(* Let $n\ge2$ and $\alpha^{(1)},\dots,\alpha^{(n-2)}\in\mathbb{R}$. The assignment $$h\mapsto qp,\quad x_-\mapsto-q^2/2,\quad x_+\mapsto p^2/2,\quad y_{i,-}\mapsto-\alpha^{(i)}q,\quad y_{i,+}\mapsto\alpha^{(i)}p,\quad z_{i,j}\mapsto\alpha^{(i)}\alpha^{(j)}$$ extends to a Poisson algebra homomorphism $D_n:S\mathfrak{g}_n\to C^\infty(\mathbb{R}^2)$ (one degree of freedom canonical symplectic realisation). Moreover, for $N\ge1$ and vectors $\boldsymbol\alpha^{(1)},\dots,\boldsymbol\alpha^{(n-2)}\in\mathbb{R}^N$, the assignment $$h\mapsto\mathbf q\cdot\mathbf p,\quad x_-\mapsto-\mathbf q^2/2,\quad x_+\mapsto\mathbf p^2/2,\quad y_{i,-}\mapsto-\boldsymbol\alpha^{(i)}\cdot\mathbf q,\quad y_{i,+}\mapsto\boldsymbol\alpha^{(i)}\cdot\mathbf p,\quad z_{i,j}\mapsto\boldsymbol\alpha^{(i)}\cdot\boldsymbol\alpha^{(j)}$$ extends to a Poisson algebra homomorphism $S\mathfrak{g}_n\to C^\infty(\mathbb{R}^{2N})$ (the $N$ degrees of freedom canonical realisation obtained as $D_n^{\otimes N}$ composed with the $N$-th primitive coproduct, the $i$-th site using the constants given by the $i$-th components of the $\boldsymbol\alpha^{(j)}$).
   Context: For $n\ge2$, $\mathfrak{g}_n$ is the real Lie algebra with basis $h,x_-,x_+$, $y_{i,\pm}$ ($1\le i\le n-2$), $z_{i,j}$ ($1\le i\le j\le n-2$), whose nonzero brackets (up to antisymmetry) are $[x_+,x_-]=h$, $[h,x_\pm]=\pm2x_\pm$, $[h,y_{i,\pm}]=\pm y_{i,\pm}$, $[x_-,y_{i,+}]=y_{i,-}$, $[x_+,y_{i,-}]=y_{i,+}$, $[y_{i,+},y_{j,-}]=z_{\min(i,j),\max(i,j)}$; all other brackets vanish. $S\mathfrak{g}_n$ is the polynomial algebra in the basis elements with the Lie–Poisson bracket $\{f,g\}=\sum_{i,j,k}c_{ij}^kx_k\,\partial_{x_i}f\,\partial_{x_j}g$ extending the Lie bracket. $C^\infty(\mathbb{R}^{2N})$ with Darboux coordinates $\mathbf q=(q_1,\dots,q_N)$, $\mathbf p=(p_1,\dots,p_N)$ carries the canonical bracket $\{f,g\}=\sum_k(\partial_{q_k}f\,\partial_{p_k}g-\partial_{q_k}g\,\partial_{p_k}f)$; for $N=1$ write $(q,p)$. The primitive coproduct is $\Delta(x)=x\otimes1+1\otimes x$ on generators. *)

theory Defs
  imports "HOL-Analysis.Analysis"
begin

datatype gen = H | Xm | Xp | Ym nat | Yp nat | Z nat nat

definition basis :: "nat \<Rightarrow> gen set" where
  "basis n = {H, Xm, Xp}
     \<union> {Ym i | i. 1 \<le> i \<and> i \<le> n - 2}
     \<union> {Yp i | i. 1 \<le> i \<and> i \<le> n - 2}
     \<union> {Z i j | i j. 1 \<le> i \<and> i \<le> j \<and> j \<le> n - 2}"

definition unitv :: "gen \<Rightarrow> gen \<Rightarrow> real" where
  "unitv c = (\<lambda>d. if d = c then 1 else 0)"

text \<open>Lie bracket of basis elements, as coefficient vector: lie a b c = c_{ab}^c.\<close>
fun lie :: "gen \<Rightarrow> gen \<Rightarrow> gen \<Rightarrow> real" where
  "lie Xp Xm = unitv H"
| "lie Xm Xp = (\<lambda>d. - unitv H d)"
| "lie H Xp = (\<lambda>d. 2 * unitv Xp d)"
| "lie Xp H = (\<lambda>d. - 2 * unitv Xp d)"
| "lie H Xm = (\<lambda>d. - 2 * unitv Xm d)"
| "lie Xm H = (\<lambda>d. 2 * unitv Xm d)"
| "lie H (Yp i) = unitv (Yp i)"
| "lie (Yp i) H = (\<lambda>d. - unitv (Yp i) d)"
| "lie H (Ym i) = (\<lambda>d. - unitv (Ym i) d)"
| "lie (Ym i) H = unitv (Ym i)"
| "lie Xm (Yp i) = unitv (Ym i)"
| "lie (Yp i) Xm = (\<lambda>d. - unitv (Ym i) d)"
| "lie Xp (Ym i) = unitv (Yp i)"
| "lie (Ym i) Xp = (\<lambda>d. - unitv (Yp i) d)"
| "lie (Yp i) (Ym j) = unitv (Z (min i j) (max i j))"
| "lie (Ym j) (Yp i) = (\<lambda>d. - unitv (Z (min i j) (max i j)) d)"
| "lie _ _ = (\<lambda>d. 0)"

text \<open>S g_n (over the reals) is realised as the algebra of polynomial functions on the dual
  g_n^*, a point of which is given by its values xi b on the basis elements b.\<close>
inductive_set polyfun :: "nat \<Rightarrow> ((gen \<Rightarrow> real) \<Rightarrow> real) set" for n :: nat where
  const: "(\<lambda>_. c) \<in> polyfun n"
| coord: "b \<in> basis n \<Longrightarrow> (\<lambda>\<xi>. \<xi> b) \<in> polyfun n"
| add: "f \<in> polyfun n \<Longrightarrow> g \<in> polyfun n \<Longrightarrow> (\<lambda>\<xi>. f \<xi> + g \<xi>) \<in> polyfun n"
| mult: "f \<in> polyfun n \<Longrightarrow> g \<in> polyfun n \<Longrightarrow> (\<lambda>\<xi>. f \<xi> * g \<xi>) \<in> polyfun n"

definition gpartial :: "gen \<Rightarrow> ((gen \<Rightarrow> real) \<Rightarrow> real) \<Rightarrow> (gen \<Rightarrow> real) \<Rightarrow> real" where
  "gpartial b f \<xi> = deriv (\<lambda>t. f (\<xi>(b := t))) (\<xi> b)"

--------------------------------

Whatever else the listing above holds, retype exactly only the lines from the one containing "text \<open>Lie bracket" to the one containing "H (Yp i) = unitv", both ends kept.

text \<open>Lie bracket of basis elements, as coefficient vector: lie a b c = c_{ab}^c.\<close>
fun lie :: "gen \<Rightarrow> gen \<Rightarrow> gen \<Rightarrow> real" where
  "lie Xp Xm = unitv H"
| "lie Xm Xp = (\<lambda>d. - unitv H d)"
| "lie H Xp = (\<lambda>d. 2 * unitv Xp d)"
| "lie Xp H = (\<lambda>d. - 2 * unitv Xp d)"
| "lie H Xm = (\<lambda>d. - 2 * unitv Xm d)"
| "lie Xm H = (\<lambda>d. 2 * unitv Xm d)"
| "lie H (Yp i) = unitv (Yp i)"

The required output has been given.